Skip to:  ·  Claims  ·  References Cited  · Patent History  ·  Patent History

Claims

1. A method for performing pitch error checking in a correlation-based pitch estimator, comprising:

receiving a speech waveform comprising a plurality of frames;
performing a correlation calculation for a first frame of said plurality of frames of said speech waveform, wherein said correlation calculation produces one or more correlation peaks;
determining a first determined pitch value for said first frame from said one or more correlation peaks, wherein said first determined pitch value corresponds to a first determined correlation peak;
determining if said first determined pitch value is less than a pitch threshold value;
setting said first determined pitch value as a pitch value for said first frame if said first determined pitch value is not less than said pitch threshold value;
performing error checking on said first determined pitch value to determine if said first determined pitch value should be set as the pitch value for said first frame if said first determined pitch value is less than said pitch threshold value, wherein said performing error checking includes determining if any pitch multiples of said first determined pitch value have missing correlation peaks; and
determining a new determined pitch value for said first frame from at least a subset of said one or more correlation peaks, wherein said determining said new determined pitch value does not use said first determined correlation peak, wherein said determining said new determined pitch value is performed if any pitch multiples of said first determined pitch value have missing correlation peaks.

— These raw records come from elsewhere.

lemma band_sums_equiv_Lp_norm:
  assumes p: "0 < p"
  defines "C' \<equiv> norm_equiv_const s K1 K2 p"
  shows "1 / C' * Lp_norm X m rho p f powr p \<le> (\<Sum>\<^sub>\<infinity>k::int. 2 powr (real_of_int k * p) * m (band f k))"
    and "(\<Sum>\<^sub>\<infinity>k::int. 2 powr (real_of_int k * p) * m (band f k)) \<le> C' * Lp_norm X m rho p f powr p"
    and "1 / C' * Lp_norm X m rho p f powr p
      \<le> (\<Sum>\<^sub>\<infinity>k::int. 2 powr (real_of_int k * p) * (\<Sum>\<^sub>\<infinity>l\<in>{k..}. m (band f l)))"
    and "(\<Sum>\<^sub>\<infinity>k::int. 2 powr (real_of_int k * p) * (\<Sum>\<^sub>\<infinity>l\<in>{k..}. m (band f l)))
      \<le> C' * Lp_norm X m rho p f powr p"
proof -
  define S where "S = (\<Sum>k\<in>band_levels f. 2 powr (real_of_int k * p) * m (band f k))"
  define B where "B = band_sum_const s K1 K2 p"
  note S_eq = infsum_band_sum[of p f, folded S_def]
  note tails_eq = infsum_band_tails[OF p, of f, folded S_def]
  have q: "0 < 1 - 2 powr (- p)" "1 - 2 powr (- p) \<le> 1"
    using powr_less_one[of 2 "- p"] p by auto
  have S: "0 \<le> S"
    unfolding S_def using m_nonneg[OF band_subset_X] by (intro sum_nonneg mult_nonneg_nonneg) auto
  have B: "0 < B"
    unfolding B_def using p K1_pos K2_pos by (rule band_sum_const_pos)
  have L: "0 \<le> Lp_pow p f"
    using p by (rule Lp_pow_nonneg)
  have upper: "Lp_pow p f \<le> 2 powr p * S" and lower: "S \<le> B * Lp_pow p f"
    unfolding S_def B_def using Lp_pow_le_band_sum[OF p] band_sum_le_Lp_pow[OF p] by auto
  have C'_ge: "2 powr p \<le> C'" "B / (1 - 2 powr (- p)) \<le> C'"
    using B q by (auto simp: C'_def B_def norm_equiv_const_def)
  have C'_pos: "0 < C'"
    using C'_ge(1) powr_gt_zero[of 2 p] by linarith
  have S_tails: "S \<le> S / (1 - 2 powr (- p))"
    using S q by (simp add: le_divide_eq mult_left_le)
  have "Lp_pow p f \<le> C' * S"
    using upper C'_ge(1) S by (meson mult_right_mono order_trans)
  then have lower': "1 / C' * Lp_pow p f \<le> S"
    using C'_pos by (simp add: field_simps)
  have "S / (1 - 2 powr (- p)) \<le> B / (1 - 2 powr (- p)) * Lp_pow p f"
    using lower q by (simp add: divide_right_mono)
  also have "\<dots> \<le> C' * Lp_pow p f"
    using C'_ge(2) L by (rule mult_right_mono)
  finally have upper': "S / (1 - 2 powr (- p)) \<le> C' * Lp_pow p f" .
  show "1 / C' * Lp_norm X m rho p f powr p \<le> (\<Sum>\<^sub>\<infinity>k::int. 2 powr (real_of_int k * p) * m (band f k))"
    unfolding S_eq Lp_norm_powr[OF p] by (rule lower')
  show "(\<Sum>\<^sub>\<infinity>k::int. 2 powr (real_of_int k * p) * m (band f k)) \<le> C' * Lp_norm X m rho p f powr p"
    unfolding S_eq Lp_norm_powr[OF p] using S_tails upper' by (rule order_trans)
  show "1 / C' * Lp_norm X m rho p f powr p
      \<le> (\<Sum>\<^sub>\<infinity>k::int. 2 powr (real_of_int k * p) * (\<Sum>\<^sub>\<infinity>l\<in>{k..}. m (band f l)))"
    unfolding tails_eq Lp_norm_powr[OF p] using lower' S_tails by (rule order_trans)
  show "(\<Sum>\<^sub>\<infinity>k::int. 2 powr (real_of_int k * p) * (\<Sum>\<^sub>\<infinity>l\<in>{k..}. m (band f l)))
      \<le> C' * Lp_norm X m rho p f powr p"
    unfolding tails_eq Lp_norm_powr[OF p] by (rule upper')
qed

lemma dyadic_decomposition:
  assumes p: "0 < p"
  defines "C' \<equiv> norm_equiv_const s K1 K2 p"
  shows "\<exists>E :: int \<Rightarrow> 'a set.
    (\<forall>k l. k \<noteq> l \<longrightarrow> E k \<inter> E l = {}) \<and> (\<Union>k. E k) = supp_on X f \<and>
    (let F = (\<lambda>k. \<Union>l\<in>{k..}. E l) in
     (\<forall>k::int.
        (E k \<noteq> {} \<longrightarrow> rho (restr (X - F (k + 1)) f) (E k) > cc * 2 powr real_of_int k) \<and>
        Linf X rho (restr (X - F k) f) \<le> 2 powr real_of_int k \<and>
        superlevel X m rho f (2 powr real_of_int k) \<le> m (F k) \<and>
        m (E k) \<le> CC * superlevel X m rho f (cc * 2 powr real_of_int k)) \<and>
     1 / C' * Lp_norm X m rho p f powr p \<le> (\<Sum>\<^sub>\<infinity>k::int. 2 powr (real_of_int k * p) * m (E k)) \<and>
     (\<Sum>\<^sub>\<infinity>k::int. 2 powr (real_of_int k * p) * m (E k)) \<le> C' * Lp_norm X m rho p f powr p \<and>
     1 / C' * Lp_norm X m rho p f powr p
       \<le> (\<Sum>\<^sub>\<infinity>k::int. 2 powr (real_of_int k * p) * (\<Sum>\<^sub>\<infinity>l\<in>{k..}. m (E l))) \<and>
     (\<Sum>\<^sub>\<infinity>k::int. 2 powr (real_of_int k * p) * (\<Sum>\<^sub>\<infinity>l\<in>{k..}. m (E l)))
       \<le> C' * Lp_norm X m rho p f powr p)"
  unfolding Let_def C'_def
  using band_disjoint Union_band rho_band_gt Linf_rho_outside_bands_above level_rho_le_bands_above
    measure_band_le band_sums_equiv_Lp_norm[OF p]
  by (intro exI[of _ "band f"]) (simp add: bands_above_def[symmetric])

end

lemma additive_size_Lr_norm:
  assumes X: "finite X" and \<nu>: "outer_measure_on X \<nu>" and w: "\<forall>x\<in>X. 0 < w x" and r: "0 < r"
  shows "additive_size X \<nu> (Lr_norm X w r) r (\<lambda>x y. if x \<in> X then w x * \<bar>y\<bar> powr r else 0)"
proof -
  have sum_eq: "(\<Sum>x\<in>X. w x * \<bar>restr D g x\<bar> powr r) = (\<Sum>x\<in>D. w x * \<bar>g x\<bar> powr r)"
    if D: "D \<subseteq> X" for D g
    using X D by (intro sum.mono_neutral_cong_right) (auto simp: restr_def)
  have pow: "Lr_norm X w r (restr D g) powr r = (\<Sum>x\<in>D. w x * \<bar>g x\<bar> powr r)" if D: "D \<subseteq> X" for D g
  proof -
    have "0 \<le> (\<Sum>x\<in>D. w x * \<bar>g x\<bar> powr r)"
      using w D by (intro sum_nonneg mult_nonneg_nonneg) (auto simp: less_imp_le subset_iff)
    then show ?thesis
      unfolding Lr_norm_def sum_eq[OF D] using r by (simp add: powr_powr)
  qed
  show ?thesis
  proof unfold_locales
    fix g :: "'a \<Rightarrow> real" and D D'
    assume DD: "D \<subseteq> D'" "D' \<subseteq> X"
    have "(\<Sum>x\<in>X. w x * \<bar>restr D g x\<bar> powr r) \<le> (\<Sum>x\<in>X. w x * \<bar>restr D' g x\<bar> powr r)"
      using DD w by (intro sum_mono) (auto simp: restr_def less_imp_le intro!: mult_nonneg_nonneg)
    then show "Lr_norm X w r (restr D g) \<le> Lr_norm X w r (restr D' g)"
      unfolding Lr_norm_def using r w by (intro powr_mono2) (auto intro!: sum_nonneg mult_nonneg_nonneg simp: less_imp_le)
  next
    fix g :: "'a \<Rightarrow> real" and x
    assume x: "x \<in> X" "g x \<noteq> 0"
    then have "0 < Lr_norm X w r (restr {x} g) powr r"
      using pow[of "{x}" g] w by simp
    then show "0 < Lr_norm X w r (restr {x} g)"
      by (cases "Lr_norm X w r (restr {x} g) = 0") (auto simp: Lr_norm_def)
  next
    fix D :: "'a set" and g
    assume "D \<subseteq> X"
    then show "Lr_norm X w r (restr D g) powr r = (\<Sum>x\<in>D. if x \<in> X then w x * \<bar>g x\<bar> powr r else 0)"
      using pow[of D g] by (auto intro!: sum.cong)
  qed (use X \<nu> r w in \<open>auto simp: Lr_norm_def intro: less_imp_le\<close>)
qed

theorem proposition3p5:
  fixes p q r :: real
  assumes "0 < p" and "0 < q" and "0 < r" and "r \<le> q"
  shows "\<exists>C c C'. 0 < C \<and> 0 < c \<and> 0 < C' \<and>
    (\<forall>(X :: 'a set) \<mu> \<nu> w (f :: 'a \<Rightarrow> real).
       finite X \<longrightarrow> outer_measure_on X \<mu> \<longrightarrow> outer_measure_on X \<nu> \<longrightarrow>
       (\<forall>x\<in>X. 0 < w x) \<longrightarrow>
       (let \<rho> = ell_q X \<mu> \<nu> (ell_r X w \<nu> r) q in
        \<exists>E :: int \<Rightarrow> 'a set.
          (\<forall>k l. k \<noteq> l \<longrightarrow> E k \<inter> E l = {}) \<and>
          (\<Union>k. E k) = supp_on X f \<and>
          (let F = (\<lambda>k. \<Union>l\<in>{k..}. E l) in
           (\<forall>k::int.
              (E k \<noteq> {} \<longrightarrow> \<rho> (restr (X - F (k + 1)) f) (E k) > c * 2 powr real_of_int k) \<and>
              Linf X \<rho> (restr (X - F k) f) \<le> 2 powr real_of_int k \<and>
              superlevel X \<mu> \<rho> f (2 powr real_of_int k) \<le> \<mu> (F k) \<and>
              \<mu> (E k) \<le> C * superlevel X \<mu> \<rho> f (c * 2 powr real_of_int k)) \<and>
           (1 / C') * Lp_norm X \<mu> \<rho> p f powr p
              \<le> (\<Sum>\<^sub>\<infinity>k::int. 2 powr (real_of_int k * p) * \<mu> (E k)) \<and>
           (\<Sum>\<^sub>\<infinity>k::int. 2 powr (real_of_int k * p) * \<mu> (E k))
              \<le> C' * Lp_norm X \<mu> \<rho> p f powr p \<and>
           (1 / C') * Lp_norm X \<mu> \<rho> p f powr p
              \<le> (\<Sum>\<^sub>\<infinity>k::int. 2 powr (real_of_int k * p) * (\<Sum>\<^sub>\<infinity>l\<in>{k..}. \<mu> (E l))) \<and>
           (\<Sum>\<^sub>\<infinity>k::int. 2 powr (real_of_int k * p) * (\<Sum>\<^sub>\<infinity>l\<in>{k..}. \<mu> (E l)))
              \<le> C' * Lp_norm X \<mu> \<rho> p f powr p)))"
proof -
  define K1 K2 where "K1 = super_const r q" and "K2 = sub_const r q"
  have K: "0 < K1" "0 < K2"
    using assms by (simp_all add: K1_def K2_def super_const_pos sub_const_pos)
  have pos: "0 < decomp_C q K1 K2" "0 < decomp_c q K1 K2" "0 < norm_equiv_const q K1 K2 p"
    using K assms(1) by (simp_all add: decomp_C_pos decomp_c_pos norm_equiv_const_pos)
  show ?thesis
  proof (rule exI[of _ "decomp_C q K1 K2"], rule exI[of _ "decomp_c q K1 K2"],
      rule exI[of _ "norm_equiv_const q K1 K2 p"], intro conjI pos allI impI, goal_cases)
    case (1 X \<mu> \<nu> w f)
    then have X: "finite X" and \<mu>: "outer_measure_on X \<mu>" and \<nu>: "outer_measure_on X \<nu>"
      and w: "\<forall>x\<in>X. 0 < w x"
      by auto
    interpret inner: additive_size X \<nu> "Lr_norm X w r" r "\<lambda>x y. if x \<in> X then w x * \<bar>y\<bar> powr r else 0"
      using X \<nu> w assms(3) by (rule additive_size_Lr_norm)
    interpret outer: quasi_additive_size X \<mu> "Lp_norm X \<nu> inner.rho q" q K1 K2
      unfolding K1_def K2_def using \<mu> assms(4) by (rule inner.quasi_additive_size_Lp_norm)
    have inner_rho: "inner.rho = ell_r X w \<nu> r"
      by (simp add: fun_eq_iff inner.rho_def ell_r_def)
    have "outer.rho = ell_q X \<mu> \<nu> (ell_r X w \<nu> r) q"
      unfolding inner_rho[symmetric] by (simp add: fun_eq_iff outer.rho_def ell_q_def)
    then show ?case
      using outer.dyadic_decomposition[OF assms(1), of f] by (simp add: Let_def)
  qed
qed

end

2. The method of claim 1, wherein said performing said error checking further comprises:

determining if said correlation peaks other than said first determined correlation peak have a common factor;
wherein said determining if any pitch multiples of said first determined pitch value have missing correlation peaks is performed if said peaks other than said first determined correlation peak have a common factor;
wherein said determining said new determined pitch value is performed if said peaks other than said first determined correlation peak have a common factor and if any pitch multiples of said first determined pitch value have missing correlation peaks.

3. The method of claim 2, wherein said one or more correlation peaks have correlation peak locations, wherein said determining if said correlation peaks other than said first determined correlation peak have a common factor comprises:

dividing said correlation peak locations of said one or more correlation peaks determined in said performing correlation calculations by said first determined pitch value to produce a plurality of integer values; and
determining if said plurality of integer values are related by one or more common factors.

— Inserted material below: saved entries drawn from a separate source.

(* Let $(X,d)$ be an $F$-space with non-decreasing metric $d$, and let $\{X_n\}$ be a nontrivial linear approximation scheme on $X$ with $\dim X_n<\infty$ for all $n$. Writing $\|x\|=d(x,0)$, if $$R_{\|\cdot\|}\Big(\bigcup_n X_n\Big)>0,$$ then $\inf_n E(X,X_n)>0$ and $\{X_n\}$ satisfies Shapiro's theorem on $X$.
   Context: An $F$-space is a complete metric vector space with translation-invariant metric $d$. The metric is non-decreasing if $d(\alpha x,0)\le d(x,0)$ for $0\le\alpha\le1$. A nontrivial linear approximation scheme is a chain $X_0\subsetneq X_1\subsetneq\cdots\subsetneq X$ of linear subspaces (strict inclusions) with $\bigcup_nX_n$ dense in $X$. For a linear subspace $V\subseteq X$, its radius is $R_{\|\cdot\|}(V)=\inf_{v\in V\setminus\{0\}}\sup_{t>0}\|tv\|$ (possibly $+\infty$). $E(x,A)=\inf_{a\in A}d(x,a)$ and $E(X,A)=\sup_{x\in X}E(x,A)$. $\{X_n\}$ satisfies Shapiro's theorem on $X$ if for every non-increasing sequence $\{\varepsilon_n\}$ of nonnegative reals tending to $0$ there exists $x\in X$ with $E(x,X_n)\neq\mathbf{O}(\varepsilon_n)$. *)

theory Defs
  imports "HOL-Analysis.Analysis" "HOL-Library.Landau_Symbols"
begin

definition metric_vector_space :: "('a::real_vector \<Rightarrow> 'a \<Rightarrow> real) \<Rightarrow> bool" where
  "metric_vector_space d \<longleftrightarrow>
     (\<forall>x y. d x y = 0 \<longleftrightarrow> x = y) \<and>
     (\<forall>x y. d x y = d y x) \<and>
     (\<forall>x y z. d x z \<le> d x y + d y z) \<and>
     (\<forall>x y z. d (x + z) (y + z) = d x y) \<and>
     (\<forall>s t x y. (\<lambda>n. d (s n) x) \<longlonglongrightarrow> 0 \<and> (\<lambda>n. d (t n) y) \<longlonglongrightarrow> 0
        \<longrightarrow> (\<lambda>n. d (s n + t n) (x + y)) \<longlonglongrightarrow> 0) \<and>
     (\<forall>a s c x. a \<longlonglongrightarrow> c \<and> (\<lambda>n. d (s n) x) \<longlonglongrightarrow> 0
        \<longrightarrow> (\<lambda>n. d (a n *\<^sub>R s n) (c *\<^sub>R x)) \<longlonglongrightarrow> 0)"

definition F_space :: "('a::real_vector \<Rightarrow> 'a \<Rightarrow> real) \<Rightarrow> bool" where
  "F_space d \<longleftrightarrow> metric_vector_space d \<and>
     (\<forall>s::nat \<Rightarrow> 'a. (\<forall>e>0. \<exists>N. \<forall>m\<ge>N. \<forall>n\<ge>N. d (s m) (s n) < e)
        \<longrightarrow> (\<exists>l. (\<lambda>n. d (s n) l) \<longlonglongrightarrow> 0))"

definition nondecreasing_metric :: "('a::real_vector \<Rightarrow> 'a \<Rightarrow> real) \<Rightarrow> bool" where
  "nondecreasing_metric d \<longleftrightarrow> (\<forall>x \<alpha>. 0 \<le> \<alpha> \<and> \<alpha> \<le> 1 \<longrightarrow> d (\<alpha> *\<^sub>R x) 0 \<le> d x 0)"

definition nontrivial_linear_approx_scheme ::
  "('a::real_vector \<Rightarrow> 'a \<Rightarrow> real) \<Rightarrow> (nat \<Rightarrow> 'a set) \<Rightarrow> bool" where
  "nontrivial_linear_approx_scheme d X \<longleftrightarrow>
     (\<forall>n. subspace (X n)) \<and> (\<forall>n. X n \<subset> X (Suc n)) \<and>
     (\<forall>x. \<forall>e>0. \<exists>y\<in>(\<Union>n. X n). d x y < e)"

definition radius :: "('a::real_vector \<Rightarrow> real) \<Rightarrow> 'a set \<Rightarrow> ereal" where
  "radius nrm V = (INF v\<in>V - {0}. SUP t\<in>{0<..}. ereal (nrm (t *\<^sub>R v)))"

definition Edist :: "('a \<Rightarrow> 'a \<Rightarrow> real) \<Rightarrow> 'a \<Rightarrow> 'a set \<Rightarrow> real" where
  "Edist d x A = (INF a\<in>A. d x a)"

definition Edist_space :: "('a \<Rightarrow> 'a \<Rightarrow> real) \<Rightarrow> 'a set \<Rightarrow> ereal" where
  "Edist_space d A = (SUP x\<in>UNIV. ereal (Edist d x A))"

definition satisfies_Shapiro :: "('a \<Rightarrow> 'a \<Rightarrow> real) \<Rightarrow> (nat \<Rightarrow> 'a set) \<Rightarrow> bool" where
  "satisfies_Shapiro d X \<longleftrightarrow>
     (\<forall>eps::nat \<Rightarrow> real. decseq eps \<and> (\<forall>n. 0 \<le> eps n) \<and> eps \<longlonglongrightarrow> 0 \<longrightarrow>
        (\<exists>x. (\<lambda>n. Edist d x (X n)) \<notin> O(eps)))"

end

theory Submission
  imports Defs
begin

(* Choose 0 < c below the radius. Each X n has a point y at distance at least c: otherwise, for
   v \<in> X (Suc n) - X n, the vectors k v - a_k with a_k \<in> X n would all be shorter than c, and
   compactness of the l1-unit sphere of the finite-dimensional space spanned by v and X n yields a
   nonzero u in it whose multiples t u all have length at most c, contradicting the radius bound.
   This gives inf E(X, X n) \<ge> c. For Shapiro's theorem, if every x had E(x, X n) = O(\<epsilon> n), then
   by Baire's theorem some ball {z. \<parallel>z\<parallel> < \<rho>} would satisfy E(z, X n) \<le> C \<epsilon> n uniformly for
   large n; but t \<mapsto> E(t y, X n) is continuous, so it takes any value \<eta> \<le> c, and translating
   t y by a near-best approximation from X n gives a vector of length < 2\<eta> at distance \<eta>
   from X n, which is impossible once C \<epsilon> n < \<eta>. *)

lemma radius_gt_imp_exists_scaleR_gt:
  assumes "ereal c < radius nrm V" "v \<in> V" "v \<noteq> 0"
  shows "\<exists>t>0. c < nrm (t *\<^sub>R v)"
proof -
  have "radius nrm V \<le> (SUP t\<in>{0<..}. ereal (nrm (t *\<^sub>R v)))"
    unfolding radius_def using assms(2,3) by (intro INF_lower) auto
  with assms(1) have "ereal c < (SUP t\<in>{0<..}. ereal (nrm (t *\<^sub>R v)))" by order
  then show ?thesis unfolding less_SUP_iff by auto
qed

4. The method of claim 3, further comprising:

determining if said plurality of integer values contains a 1 value; and
determining a lowest pitch multiple value of said first determined pitch value if said plurality of integer values does not contain a 1 value;
wherein said determining if said plurality of integer values are related by one or more common factors is performed only if said plurality of integer values contains a 1 value.

5. The method of claim 4, further comprising:

determining if there are missing integers between 1 and the highest integer in said plurality of integer values after determining said plurality of integer values; and
setting said first determined pitch value as said pitch value for said first frame if there are no missing integers between 1 and the highest integer in said plurality of integer values;
wherein said determining if said plurality of integer values are related by one or more common factors is performed only if there are missing integers between 1 and the highest integer in said plurality of integer values.

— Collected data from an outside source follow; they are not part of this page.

lemma marginal_Theta_diff:
  assumes "k < n"
  shows "marginal (Theta F n C x) y k - marginal (Theta F n C x) z k
           = (\<Sum>j<n. (y j - z j) * (C j \<bullet> C k))"
proof -
  have "marginal (Theta F n C x) y k - marginal (Theta F n C x) z k
          = (matvec n C y - matvec n C z) \<bullet> C k"
    using assms by (simp add: marginal_Theta inner_diff_left)
  also have "\<dots> = (\<Sum>j<n. (y j - z j) * (C j \<bullet> C k))"
    unfolding matvec_def sum_subtractf[symmetric] scaleR_diff_left[symmetric]
    by (simp add: inner_sum_left)
  finally show ?thesis .
qed

lemma obtuse_imp_diminishing_returns:
  assumes "obtuse n C"
  shows "diminishing_returns n (Theta F n C x)"
  unfolding diminishing_returns_def
proof (intro allI impI)
  fix y z :: "nat \<Rightarrow> real" and k
  assume k: "k < n" and "y k = z k" and le: "\<forall>j<n. y j \<le> z j"
  have "0 \<le> (y j - z j) * (C j \<bullet> C k)" if "j < n" for j
    using assms \<open>y k = z k\<close> le that k unfolding obtuse_def
    by (cases "j = k") (auto intro: mult_nonpos_nonpos)
  then have "0 \<le> (\<Sum>j<n. (y j - z j) * (C j \<bullet> C k))"
    by (intro sum_nonneg) simp
  then show "marginal (Theta F n C x) z k \<le> marginal (Theta F n C x) y k"
    using marginal_Theta_diff[OF k, of F C x y z] by linarith
qed

lemma orthogonal_cols_imp_modular:
  assumes "orthogonal_cols n C"
  shows "modular n (Theta F n C x)"
  unfolding modular_def
proof (intro allI impI)
  fix y z :: "nat \<Rightarrow> real" and k
  assume k: "k < n" and "y k = z k"
  have "(y j - z j) * (C j \<bullet> C k) = 0" if "j < n" for j
    using assms \<open>y k = z k\<close> that k unfolding orthogonal_cols_def by (cases "j = k") auto
  then have "(\<Sum>j<n. (y j - z j) * (C j \<bullet> C k)) = 0"
    by (intro sum.neutral) simp
  then show "marginal (Theta F n C x) z k = marginal (Theta F n C x) y k"
    using marginal_Theta_diff[OF k, of F C x y z] by linarith
qed

lemma finite_binvecs: "finite (binvecs n)"
proof (rule finite_subset)
  show "binvecs n \<subseteq> {y. \<forall>j. (j \<in> {..<n} \<longrightarrow> y j \<in> {0, 1}) \<and> (j \<notin> {..<n} \<longrightarrow> y j = 0)}"
    by (auto simp: binvecs_def)
  show "finite {y :: nat \<Rightarrow> real. \<forall>j. (j \<in> {..<n} \<longrightarrow> y j \<in> {0, 1}) \<and> (j \<notin> {..<n} \<longrightarrow> y j = 0)}"
    by (rule finite_set_of_finite_funs) auto
qed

6. The method of claim 1, wherein said performing said error checking further comprises:

searching for a correlation peak at one or more pitch multiples of said first determined pitch value which have missing correlation peaks in response to determining that one or more pitch multiples of said first determined pitch value have missing correlation peaks;
setting said first determined pitch value as said pitch value for said first frame if a correlation peak exists at one or more of said pitch multiples of said first determined pitch value which have missing correlation peaks.

7. The method of claim 6, wherein said searching for a correlation peak at one or more pitch multiples of said first determined pitch value which have missing correlation peaks comprises:

determining if a correlation peak exists at one or more of said pitch multiples of said first determined pitch value which have missing correlation peaks; and
comparing said correlation peak at a pitch multiple of said first determined pitch value which has a missing correlation peak with a threshold value.

8. The method of claim 6, wherein said determining if a correlation peak exists at one or more of said pitch multiples of said first determined pitch value which have missing correlation peaks comprises determining if a correlation peak exists within a window of said one or more of said pitch multiples of said first determined pitch value which have missing correlation peaks.

9. The method of claim 6, further comprising:

rejecting said first determined pitch value if a correlation peak does not exist at said one or more pitch multiples of said first determined pitch value which have missing correlation peaks.

10. The method of claim 1, further comprising:

setting said first determined pitch value as said pitch value for said first frame if said if none of said pitch multiples of said first determined pitch value have missing correlation peaks.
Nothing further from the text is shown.